Actually, it’s the most flagrant attempted con-job and propaganda campaign in US history.

If it helps Congress enact cap-and-tax legislation, it will give activists, courts and bureaucrats control over virtually every aspect of our lives. It will enable them to confiscate hard-earned dollars, convert them to payoffs for activists and companies that get on the climate-crisis bandwagon, consign uncooperative companies and scientists to the ash heap of history, and conceal the exorbitant costs of restrictive energy policies--on families, industries, jobs and transportation--until long after the bill becomes law.

The bogus “report” conflates and confuses human activities and emissions with the powerful natural forces that have caused major and minor climate changes and weather anomalies since the dawn of time--from the Carboniferous Period to the Age of Dinosaurs, from the Big Ice Ages and interglacial periods to the Little Ice Age, Roman and Medieval Warm Periods, Dust Bowl and countless others. It relies on conjecture, conformist thinking and conspicuous elimination of contrary, skeptical, realist scientists and studies that do not support climate cataclysm conjecture and ideology.

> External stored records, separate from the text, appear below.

lemma linear_power_not_dvd_sum:
  fixes T :: "nat \<Rightarrow> 'a::idom poly"
  assumes "finite I" "m \<in> I" "T m \<noteq> 0"
    and above: "\<And>j. j \<in> I \<Longrightarrow> j \<noteq> m \<Longrightarrow> T j = 0 \<or> order r (T m) < order r (T j)"
  shows "\<not> [:-r, 1:] ^ Suc (order r (T m)) dvd (\<Sum>i\<in>I. T i)"
proof
  let ?D = "[:-r, 1:] ^ Suc (order r (T m))"
  assume "?D dvd (\<Sum>i\<in>I. T i)"
  moreover have "?D dvd (\<Sum>i\<in>I - {m}. T i)"
    using above by (intro dvd_sum) (auto simp only: order_divides Suc_le_eq)
  ultimately have "?D dvd T m"
    using sum.remove[OF assms(1,2), of T] by (metis add_diff_cancel_right' dvd_diff)
  with order_2[OF assms(3)] show False by blast
qed

lemma order_power_mult_cube_neq:
  fixes W p q :: "'a::idom poly"
  assumes "W \<noteq> 0" "\<not> 3 dvd order r W" "p \<noteq> 0" "q \<noteq> 0" "i < 3" "j < 3" "i \<noteq> j"
  shows "order r (W ^ i * p ^ 3) \<noteq> order r (W ^ j * q ^ 3)"
proof -
  have "i * w + 3 * a \<noteq> j * w + 3 * b" if "\<not> 3 dvd w" for w a b :: nat
    using that assms(5-7) by (auto simp: less_Suc_eq numeral_3_eq_3) presburger+
  with assms(1-4) show ?thesis by (simp add: order_mult order_power)
qed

The authors “largely ignored” critical comments to earlier drafts and made the final version “even more alarmist” than infamous UN “summaries” of global warming “crises,” says Joseph D’Aleo, first director of meteorology at the Weather Channel and former chairman of the American Meteorological Society’s Weather Analysis and Forecasting Committee. The report is simply “wrong on many of its claims” and marks “an embarrassing episode for the authors and NOAA,” D’Aleo concludes.

University of Colorado environmental studies professor Roger Pielke, Jr. says the report “misrepresents” his own work, makes claims that are not supported by citations provided, relies heavily on analyses that were never peer reviewed, ignores peer-reviewed studies that reach opposite conclusions from those proclaimed by the report, and cites analyses that do not support conclusions rendered.

“I didn’t notice a single recognized hurricane expert in the list of authors,” says NOAA Hurricane Research Division scientist Stanley Goldenberg. The report relies heavily on surface temperature data from monitoring stations located next to parking lots and air conditioning exhaust ports--falsely skewing temperature records upward--other experts noted. It is lead-heavy on assumptions, assertions and speculation--hydrogen-light on evidence.

But the most egregious miscarriage of science in this agit-prop exercise is its near-total dependence on worst-case scenarios conjured up by computer models. That’s where it gets its litany of “Day After Tomorrow” Hollywood disasters.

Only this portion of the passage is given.